lemma has_sum_diff:
  fixes f g :: "'i \<Rightarrow> 'b::topological_ab_group_add"
  assumes "(f has_sum a) A" "(g has_sum b) A"
  shows "((\<lambda>x. f x - g x) has_sum (a - b)) A"
proof -
  have "((\<lambda>x. - g x) has_sum - b) A"
    using assms(2) by (simp add: has_sum_uminus)
  from has_sum_add[OF assms(1) this] show ?thesis
    by simp
qed

lemma sum_norm_sq_le_l2: "l2seq u \<Longrightarrow> finite F \<Longrightarrow> (\<Sum>n\<in>F. (norm (u n))\<^sup>2) \<le> (\<Sum>\<^sub>\<infinity>n. (norm (u n))\<^sup>2)"
  by (rule finite_sum_le_infsum) (auto simp: l2seq_def)

lemma l2seq_comparison:
  assumes "l2seq v" "\<And>n. norm (u n) \<le> c * norm (v n)"
  shows "l2seq u"
  unfolding l2seq_def
proof (rule summable_on_comparison_test)
  show "(\<lambda>n. c\<^sup>2 * (norm (v n))\<^sup>2) summable_on UNIV"
    using assms(1) by (intro summable_on_cmult_right) (simp add: l2seq_def)
  show "(norm (u n))\<^sup>2 \<le> c\<^sup>2 * (norm (v n))\<^sup>2" for n
    using power_mono[OF assms(2)[of n] norm_ge_zero] by (simp add: power_mult_distrib)
qed simp

lemma l2seq_add_diff:
  assumes "l2seq (v::int \<Rightarrow> 'b::real_normed_vector)" "l2seq w"
  shows "l2seq (\<lambda>n. v n + w n)" "l2seq (\<lambda>n. v n - w n)"
proof -
  have sum: "(\<lambda>n. 2 * (norm (v n))\<^sup>2 + 2 * (norm (w n))\<^sup>2) summable_on UNIV"
    using assms by (intro summable_on_add summable_on_cmult_right) (auto simp: l2seq_def)
  have bound: "(norm a)\<^sup>2 \<le> 2 * (norm x)\<^sup>2 + 2 * (norm y)\<^sup>2" if "norm a \<le> norm x + norm y" for a x y :: 'b
  proof -
    have "(norm a)\<^sup>2 \<le> (norm x + norm y)\<^sup>2"
      using that by (intro power_mono) auto
    also have "\<dots> \<le> 2 * (norm x)\<^sup>2 + 2 * (norm y)\<^sup>2"
      by (smt (verit) power2_sum sum_squares_bound)
    finally show ?thesis .
  qed
  show "l2seq (\<lambda>n. v n + w n)"
    unfolding l2seq_def
    by (rule summable_on_comparison_test[OF sum]) (auto intro!: bound norm_triangle_ineq)
  show "l2seq (\<lambda>n. v n - w n)"
    unfolding l2seq_def
    by (rule summable_on_comparison_test[OF sum]) (auto intro!: bound norm_triangle_ineq4)
qed

lemma l2seq_delta_m1: "l2seq (delta_m1 (\<xi>::'a::real_normed_vector))"
  unfolding l2seq_def
  by (rule finite_nonzero_values_imp_summable_on, rule finite_subset[of _ "{-1}"])
    (auto simp: delta_m1_def)

lemma l2seq_tendsto_0:
  assumes "l2seq v" "inj f"
  shows "(\<lambda>j::nat. v (f j)) \<longlonglongrightarrow> 0"
proof -
  have "(\<lambda>k. (norm (v k))\<^sup>2) summable_on range f"
    using assms(1) summable_on_subset_banach unfolding l2seq_def by blast
  then have "(\<lambda>j. (norm (v (f j)))\<^sup>2) summable_on UNIV"
    using summable_on_reindex[of f UNIV "\<lambda>k. (norm (v k))\<^sup>2"] assms(2) by (simp add: o_def)
  then have "summable (\<lambda>j. (norm (v (f j)))\<^sup>2)"
    by (rule summable_on_imp_summable)
  then have "(\<lambda>j. sqrt ((norm (v (f j)))\<^sup>2)) \<longlonglongrightarrow> sqrt 0"
    by (intro tendsto_real_sqrt summable_LIMSEQ_zero)
  then have "(\<lambda>j. norm (v (f j))) \<longlonglongrightarrow> 0"
    by simp
  then show ?thesis
    unfolding tendsto_norm_zero_iff .
qed

lemma l2norm_eq_0D:
  assumes "l2seq u" "l2norm u \<le> 0"
  shows "u n = 0"
proof -
  have "(\<Sum>\<^sub>\<infinity>n. (norm (u n))\<^sup>2) \<le> 0"
    using assms(2) infsum_nonneg[of UNIV "\<lambda>n. (norm (u n))\<^sup>2"] by (simp add: l2norm_def)
  then have "(norm (u n))\<^sup>2 = 0"
    using assms(1) by (intro nonneg_infsum_le_0D[of "\<lambda>n. (norm (u n))\<^sup>2" UNIV]) (auto simp: l2seq_def)
  then show ?thesis
    by simp
qed

lemma l2norm_chi_nonneg_le:
  assumes "l2seq u"
  shows "l2norm (chi_nonneg u) \<le> l2norm u"
  unfolding l2norm_def
proof (intro real_sqrt_le_mono infsum_mono)
  show "(\<lambda>n. (norm (chi_nonneg u n))\<^sup>2) summable_on UNIV"
    using l2seq_comparison[OF assms, of "chi_nonneg u" 1] by (simp add: chi_nonneg_def l2seq_def)
qed (use assms in \<open>auto simp: chi_nonneg_def l2seq_def\<close>)

section \<open>The resolvent on the unit circle\<close>

locale hyperbolic_operator =
  fixes A :: "'a::complex_hilbert \<Rightarrow> 'a"
  assumes bounded_clinear_A: "bounded_clinear_op A"
    and hyperbolic_A: "hyperbolic A"
begin

abbreviation R :: "complex \<Rightarrow> 'a \<Rightarrow> 'a" where
  "R \<equiv> resolvent A"

lemma bounded_linear_A: "bounded_linear A"
  using bounded_clinear_A by (simp add: bounded_clinear_op_def)

lemma linear_A: "linear A"
  using bounded_linear_A by (rule bounded_linear.linear)

lemma A_scaleC: "A (c *\<^sub>C x) = c *\<^sub>C A x"
  using bounded_clinear_A by (simp add: bounded_clinear_op_def)

lemma resolvent_on_circle:
  assumes "z \<in> sphere 0 1"
  shows "bounded_clinear_op (R z)" "z *\<^sub>C R z x - A (R z x) = x" "R z (z *\<^sub>C x - A x) = x"
proof -
  have "z \<notin> spectrum A"
    using hyperbolic_A assms unfolding hyperbolic_def by blast
  then obtain B where B: "bounded_clinear_op B" "B \<circ> zminus z A = id" "zminus z A \<circ> B = id"
    unfolding spectrum_def by blast
  have "R z = B"
    unfolding resolvent_def by (rule inv_unique_comp[OF B(3) B(2)])
  then show "bounded_clinear_op (R z)" "z *\<^sub>C R z x - A (R z x) = x" "R z (z *\<^sub>C x - A x) = x"
    unfolding \<open>R z = B\<close> using B by (auto simp: zminus_def fun_eq_iff)
qed

lemma bounded_linear_resolvent: "z \<in> sphere 0 1 \<Longrightarrow> bounded_linear (R z)"
  using resolvent_on_circle(1) by (simp add: bounded_clinear_op_def)

lemma linear_resolvent: "z \<in> sphere 0 1 \<Longrightarrow> linear (R z)"
  using bounded_linear_resolvent bounded_linear.linear by blast

lemma resolvent_scaleC: "z \<in> sphere 0 1 \<Longrightarrow> R z (c *\<^sub>C x) = c *\<^sub>C R z x"
  using resolvent_on_circle(1) by (simp add: bounded_clinear_op_def)

lemma norm_resolvent_le: "z \<in> sphere 0 1 \<Longrightarrow> norm (R z x) \<le> onorm (R z) * norm x"
  by (rule onorm[OF bounded_linear_resolvent])

lemma onorm_resolvent_nonneg: "z \<in> sphere 0 1 \<Longrightarrow> 0 \<le> onorm (R z)"
  by (rule onorm_pos_le[OF bounded_linear_resolvent])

## What you need to do
Please retype all of the lines above exactly as they stand.

## Exercise response
lemma has_sum_diff:
  fixes f g :: "'i \<Rightarrow> 'b::topological_ab_group_add"
  assumes "(f has_sum a) A" "(g has_sum b) A"
  shows "((\<lambda>x. f x - g x) has_sum (a - b)) A"
proof -
  have "((\<lambda>x. - g x) has_sum - b) A"
    using assms(2) by (simp add: has_sum_uminus)
  from has_sum_add[OF assms(1) this] show ?thesis
    by simp
qed

lemma sum_norm_sq_le_l2: "l2seq u \<Longrightarrow> finite F \<Longrightarrow> (\<Sum>n\<in>F. (norm (u n))\<^sup>2) \<le> (\<Sum>\<^sub>\<infinity>n. (norm (u n))\<^sup>2)"
  by (rule finite_sum_le_infsum) (auto simp: l2seq_def)

lemma l2seq_comparison:
  assumes "l2seq v" "\<And>n. norm (u n) \<le> c * norm (v n)"
  shows "l2seq u"
  unfolding l2seq_def
proof (rule summable_on_comparison_test)
  show "(\<lambda>n. c\<^sup>2 * (norm (v n))\<^sup>2) summable_on UNIV"
    using assms(1) by (intro summable_on_cmult_right) (simp add: l2seq_def)
  show "(norm (u n))\<^sup>2 \<le> c\<^sup>2 * (norm (v n))\<^sup>2" for n
    using power_mono[OF assms(2)[of n] norm_ge_zero] by (simp add: power_mult_distrib)
qed simp

lemma l2seq_add_diff:
  assumes "l2seq (v::int \<Rightarrow> 'b::real_normed_vector)" "l2seq w"
  shows "l2seq (\<lambda>n. v n + w n)" "l2seq (\<lambda>n. v n - w n)"
proof -
  have sum: "(\<lambda>n. 2 * (norm (v n))\<^sup>2 + 2 * (norm (w n))\<^sup>2) summable_on UNIV"
    using assms by (intro summable_on_add summable_on_cmult_right) (auto simp: l2seq_def)
  have bound: "(norm a)\<^sup>2 \<le> 2 * (norm x)\<^sup>2 + 2 * (norm y)\<^sup>2" if "norm a \<le> norm x + norm y" for a x y :: 'b
  proof -
    have "(norm a)\<^sup>2 \<le> (norm x + norm y)\<^sup>2"
      using that by (intro power_mono) auto
    also have "\<dots> \<le> 2 * (norm x)\<^sup>2 + 2 * (norm y)\<^sup>2"
      by (smt (verit) power2_sum sum_squares_bound)
    finally show ?thesis .
  qed
  show "l2seq (\<lambda>n. v n + w n)"
    unfolding l2seq_def
    by (rule summable_on_comparison_test[OF sum]) (auto intro!: bound norm_triangle_ineq)
  show "l2seq (\<lambda>n. v n - w n)"
    unfolding l2seq_def
    by (rule summable_on_comparison_test[OF sum]) (auto intro!: bound norm_triangle_ineq4)
qed

lemma l2seq_delta_m1: "l2seq (delta_m1 (\<xi>::'a::real_normed_vector))"
  unfolding l2seq_def
  by (rule finite_nonzero_values_imp_summable_on, rule finite_subset[of _ "{-1}"])
    (auto simp: delta_m1_def)

lemma l2seq_tendsto_0:
  assumes "l2seq v" "inj f"
  shows "(\<lambda>j::nat. v (f j)) \<longlonglongrightarrow> 0"
proof -
  have "(\<lambda>k. (norm (v k))\<^sup>2) summable_on range f"
    using assms(1) summable_on_subset_banach unfolding l2seq_def by blast
  then have "(\<lambda>j. (norm (v (f j)))\<^sup>2) summable_on UNIV"
    using summable_on_reindex[of f UNIV "\<lambda>k. (norm (v k))\<^sup>2"] assms(2) by (simp add: o_def)
  then have "summable (\<lambda>j. (norm (v (f j)))\<^sup>2)"
    by (rule summable_on_imp_summable)
  then have "(\<lambda>j. sqrt ((norm (v (f j)))\<^sup>2)) \<longlonglongrightarrow> sqrt 0"
    by (intro tendsto_real_sqrt summable_LIMSEQ_zero)
  then have "(\<lambda>j. norm (v (f j))) \<longlonglongrightarrow> 0"
    by simp
  then show ?thesis
    unfolding tendsto_norm_zero_iff .
qed

lemma l2norm_eq_0D:
  assumes "l2seq u" "l2norm u \<le> 0"
  shows "u n = 0"
proof -
  have "(\<Sum>\<^sub>\<infinity>n. (norm (u n))\<^sup>2) \<le> 0"
    using assms(2) infsum_nonneg[of UNIV "\<lambda>n. (norm (u n))\<^sup>2"] by (simp add: l2norm_def)
  then have "(norm (u n))\<^sup>2 = 0"
    using assms(1) by (intro nonneg_infsum_le_0D[of "\<lambda>n. (norm (u n))\<^sup>2" UNIV]) (auto simp: l2seq_def)
  then show ?thesis
    by simp
qed

lemma l2norm_chi_nonneg_le:
  assumes "l2seq u"
  shows "l2norm (chi_nonneg u) \<le> l2norm u"
  unfolding l2norm_def
proof (intro real_sqrt_le_mono infsum_mono)
  show "(\<lambda>n. (norm (chi_nonneg u n))\<^sup>2) summable_on UNIV"
    using l2seq_comparison[OF assms, of "chi_nonneg u" 1] by (simp add: chi_nonneg_def l2seq_def)
qed (use assms in \<open>auto simp: chi_nonneg_def l2seq_def\<close>)

section \<open>The resolvent on the unit circle\<close>

locale hyperbolic_operator =
  fixes A :: "'a::complex_hilbert \<Rightarrow> 'a"
  assumes bounded_clinear_A: "bounded_clinear_op A"
    and hyperbolic_A: "hyperbolic A"
begin

abbreviation R :: "complex \<Rightarrow> 'a \<Rightarrow> 'a" where
  "R \<equiv> resolvent A"

lemma bounded_linear_A: "bounded_linear A"
  using bounded_clinear_A by (simp add: bounded_clinear_op_def)

lemma linear_A: "linear A"
  using bounded_linear_A by (rule bounded_linear.linear)

lemma A_scaleC: "A (c *\<^sub>C x) = c *\<^sub>C A x"
  using bounded_clinear_A by (simp add: bounded_clinear_op_def)

lemma resolvent_on_circle:
  assumes "z \<in> sphere 0 1"
  shows "bounded_clinear_op (R z)" "z *\<^sub>C R z x - A (R z x) = x" "R z (z *\<^sub>C x - A x) = x"
proof -
  have "z \<notin> spectrum A"
    using hyperbolic_A assms unfolding hyperbolic_def by blast
  then obtain B where B: "bounded_clinear_op B" "B \<circ> zminus z A = id" "zminus z A \<circ> B = id"
    unfolding spectrum_def by blast
  have "R z = B"
    unfolding resolvent_def by (rule inv_unique_comp[OF B(3) B(2)])
  then show "bounded_clinear_op (R z)" "z *\<^sub>C R z x - A (R z x) = x" "R z (z *\<^sub>C x - A x) = x"
    unfolding \<open>R z = B\<close> using B by (auto simp: zminus_def fun_eq_iff)
qed

lemma bounded_linear_resolvent: "z \<in> sphere 0 1 \<Longrightarrow> bounded_linear (R z)"
  using resolvent_on_circle(1) by (simp add: bounded_clinear_op_def)

lemma linear_resolvent: "z \<in> sphere 0 1 \<Longrightarrow> linear (R z)"
  using bounded_linear_resolvent bounded_linear.linear by blast

lemma resolvent_scaleC: "z \<in> sphere 0 1 \<Longrightarrow> R z (c *\<^sub>C x) = c *\<^sub>C R z x"
  using resolvent_on_circle(1) by (simp add: bounded_clinear_op_def)

lemma norm_resolvent_le: "z \<in> sphere 0 1 \<Longrightarrow> norm (R z x) \<le> onorm (R z) * norm x"
  by (rule onorm[OF bounded_linear_resolvent])

lemma onorm_resolvent_nonneg: "z \<in> sphere 0 1 \<Longrightarrow> 0 \<le> onorm (R z)"
  by (rule onorm_pos_le[OF bounded_linear_resolvent])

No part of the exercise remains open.